How to cite this URL:
Bandyopadhyay A, Sahni N, Kanth GD. Pseudodextrocardia delaying the diagnosis of peripartum cardiomyopathy. J Obstet Anaesth Crit Care [serial online] 2021 [cited 2021 Dec 9];11:127-8. Available from: https://www.joacc.com/text.asp?2021/11/2/127/327404



Dear Editor,

We report an unusual case of pseudo-dextrocardia due to extreme elevation of left hemi-diaphragm as a result of gaseous colonic distension causing delay in diagnosis and management in a parturient with peri-partum cardiomyopathy (PPCM).

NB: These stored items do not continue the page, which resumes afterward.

text \<open>dx is linear on Vs_h only away from the kinks; the discrete Laplacian makes the form
  linear in its second argument exactly.\<close>

lemma intS_dx_diff_quotient:
  assumes lap: "is_disc_lap L1 T lap"
    and e: "e \<in> Vs_h L1 T" and f: "f \<in> Vs_h L1 T" and g: "g \<in> Vs_h L1 T"
  shows "intS L1 (\<lambda>s. dx e s * dx (\<lambda>s. (f s - g s) / tau) s)
       = (intS L1 (\<lambda>s. dx e s * dx f s) - intS L1 (\<lambda>s. dx e s * dx g s)) / tau"
proof -
  have le: "lap e \<in> Vs_h L1 T" by (rule disc_lap_Vs_h[OF lap e])
  have "intS L1 (\<lambda>s. dx e s * dx (\<lambda>s. (f s - g s) / tau) s)
      = - intS L1 (\<lambda>s. (lap e s * f s - lap e s * g s) / tau)"
    using disc_lap_integral[OF lap e Vs_h_diff_quotient[OF f g]] by (simp add: right_diff_distrib)
  also have "\<dots> = (intS L1 (\<lambda>s. lap e s * g s) - intS L1 (\<lambda>s. lap e s * f s)) / tau"
    using set_integrable_Vs_h_mult[OF le f] set_integrable_Vs_h_mult[OF le g]
    by (simp add: intS_def minus_divide_left)
  finally show ?thesis
    using disc_lap_integral[OF lap e f] disc_lap_integral[OF lap e g] by (simp add: divide_simps)
qed

lemma disc_lap_diff_quotient:
  assumes lap: "is_disc_lap L1 T lap" and f: "f \<in> Vs_h L1 T" and g: "g \<in> Vs_h L1 T"
    and s: "s \<in> {0<..<L1}"
  shows "lap (\<lambda>s. (f s - g s) / tau) s = (lap f s - lap g s) / tau"
proof -
  define h where "h = (\<lambda>s. (f s - g s) / tau)"
  have h: "h \<in> Vs_h L1 T" unfolding h_def by (rule Vs_h_diff_quotient[OF f g])
  have lh: "lap h \<in> Vs_h L1 T" and lf: "lap f \<in> Vs_h L1 T" and lg: "lap g \<in> Vs_h L1 T"
    using disc_lap_Vs_h[OF lap] h f g by blast+
  define w where "w = (\<lambda>s. 1 * lap h s + (-1) * ((lap f s - lap g s) / tau))"
  have w: "w \<in> Vs_h L1 T"
    unfolding w_def by (rule Vs_h_lincomb[OF lh Vs_h_diff_quotient[OF lf lg]])
  have "intS L1 (\<lambda>s. w s * psi s) = 0" if psi: "psi \<in> Vs_h L1 T" for psi
  proof -
    have "intS L1 (\<lambda>s. w s * psi s)
        = intS L1 (\<lambda>s. lap h s * psi s)
          - (intS L1 (\<lambda>s. lap f s * psi s) - intS L1 (\<lambda>s. lap g s * psi s)) / tau"
      using set_integrable_Vs_h_mult[OF lh psi] set_integrable_Vs_h_mult[OF lf psi]
        set_integrable_Vs_h_mult[OF lg psi]
      by (simp add: intS_def w_def algebra_simps diff_divide_distrib)
    also have "\<dots> = 0"
    proof -
      have comm: "intS L1 (\<lambda>s. dx psi s * dx b s) = intS L1 (\<lambda>s. dx b s * dx psi s)" for b
        by (simp add: mult.commute)
      have "intS L1 (\<lambda>s. dx h s * dx psi s)
          = (intS L1 (\<lambda>s. dx f s * dx psi s) - intS L1 (\<lambda>s. dx g s * dx psi s)) / tau"
        using intS_dx_diff_quotient[OF lap psi f g, of tau] unfolding h_def[symmetric] comm .
      then show ?thesis
        unfolding disc_lap_integral[OF lap h psi] disc_lap_integral[OF lap f psi]
          disc_lap_integral[OF lap g psi]
        by (simp add: diff_divide_distrib)
    qed
    finally show ?thesis .
  qed
  then have "w s = 0" using Vs_h_orthogonal_imp_zero[OF w _ s] by blast
  then show ?thesis by (simp add: w_def h_def diff_divide_distrib)
qed
theorem theorem2:
  fixes b0 b1 b2 b3 u0 u1 u2 u3 :: "real \<Rightarrow> real"
    and t0 T :: real
    and U :: "real \<Rightarrow> complex^2^2"
  assumes cont: "continuous_on {t0..T} b0" "continuous_on {t0..T} b1"
      "continuous_on {t0..T} b2" "continuous_on {t0..T} b3"
    and q_init: "u0 t0 = 1" "u1 t0 = 0" "u2 t0 = 0" "u3 t0 = 0"
    and q_ode: "\<And>t. t \<in> {t0..T} \<Longrightarrow>
        (u0 has_real_derivative (b1 t * u1 t + b2 t * u2 t + b3 t * u3 t)) (at t within {t0..T}) \<and>
        (u1 has_real_derivative (- b1 t * u0 t - b3 t * u2 t + b2 t * u3 t)) (at t within {t0..T}) \<and>
        (u2 has_real_derivative (- b2 t * u0 t + b3 t * u1 t - b1 t * u3 t)) (at t within {t0..T}) \<and>
        (u3 has_real_derivative (- b3 t * u0 t - b2 t * u1 t + b1 t * u2 t)) (at t within {t0..T})"
    and U_init: "U t0 = mat 1"
    and U_ode: "\<And>t. t \<in> {t0..T} \<Longrightarrow>
        (U has_vector_derivative (mat (- \<i>) ** (ham b0 b1 b2 b3 t ** U t))) (at t within {t0..T})"
  shows "\<forall>t\<in>{t0..T}. (u0 t)\<^sup>2 + (u1 t)\<^sup>2 + (u2 t)\<^sup>2 + (u3 t)\<^sup>2 = 1 \<and>
           U t = mat (exp (- \<i> * complex_of_real (integral {t0..t} b0)))
                 ** (u0 t *\<^sub>R mat 1 + mat \<i> ** dot_sigma (u1 t) (u2 t) (u3 t))"
proof -
  interpret pauli_quaternion_flow b1 b2 b3 u0 u1 u2 u3 "{t0..T}"
    using q_ode by unfold_locales simp_all
  have \<theta>: "((\<lambda>t. integral {t0..t} b0) has_real_derivative b0 t) (at t within {t0..T})"
    if "t \<in> {t0..T}" for t
    unfolding has_real_derivative_iff_has_vector_derivative
    by (rule integral_has_vector_derivative[OF cont(1) that])
  show ?thesis
  proof
    fix t assume t: "t \<in> {t0..T}"
    then have t0: "t0 \<in> {t0..T}" by simp
    have "(u0 t)\<^sup>2 + (u1 t)\<^sup>2 + (u2 t)\<^sup>2 + (u3 t)\<^sup>2 = 1"
      using sum_squares_constant[OF t0 t] by (simp add: q_init)
    moreover have "U t = mat (cis (- integral {t0..t} b0)) ** rotor t"
      using propagator_eq[OF \<theta> U_ode t0 t] by (simp add: q_init U_init)
    ultimately show "(u0 t)\<^sup>2 + (u1 t)\<^sup>2 + (u2 t)\<^sup>2 + (u3 t)\<^sup>2 = 1 \<and>
        U t = mat (exp (- \<i> * complex_of_real (integral {t0..t} b0)))
          ** (u0 t *\<^sub>R mat 1 + mat \<i> ** dot_sigma (u1 t) (u2 t) (u3 t))"
      by (simp add: cis_conv_exp rotor_def quaternion_matrix_def)
  qed
qed

end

A 34-year-old multiparous woman with severe pre-eclampsia, polyhydramnios, and diabetes mellitus presented to labour room emergency with acute onset shortness of breath. On examination, patient was already in labour, had tachycardia (140 beats per minute), high blood pressure (160/110 mm Hg) and low room air oxygen saturation (80%). Chest auscultation revealed bilateral basal crepitation with heart sounds heard better on the right side of chest. 12 lead ECG did not reveal any abnormality and bed side 2D echocardiography was suggestive of dextrocardia with inconclusive evaluation of contractility due to inadequate cardiac visualization window, Post early vaginal delivery of the foetus, patient was intubated in view of worsening respiratory distress and transferred to intensive care unit (ICU). She was started on intravenous magnesium sulfate 1 gram/h, labetalol (200 mg three times a day). Chest X-ray revealed clear lung fields with elevated left hemidiaphragm and apparent dextrocardia [Figure 1]a. She could be weaned off the ventilator early within 8 h.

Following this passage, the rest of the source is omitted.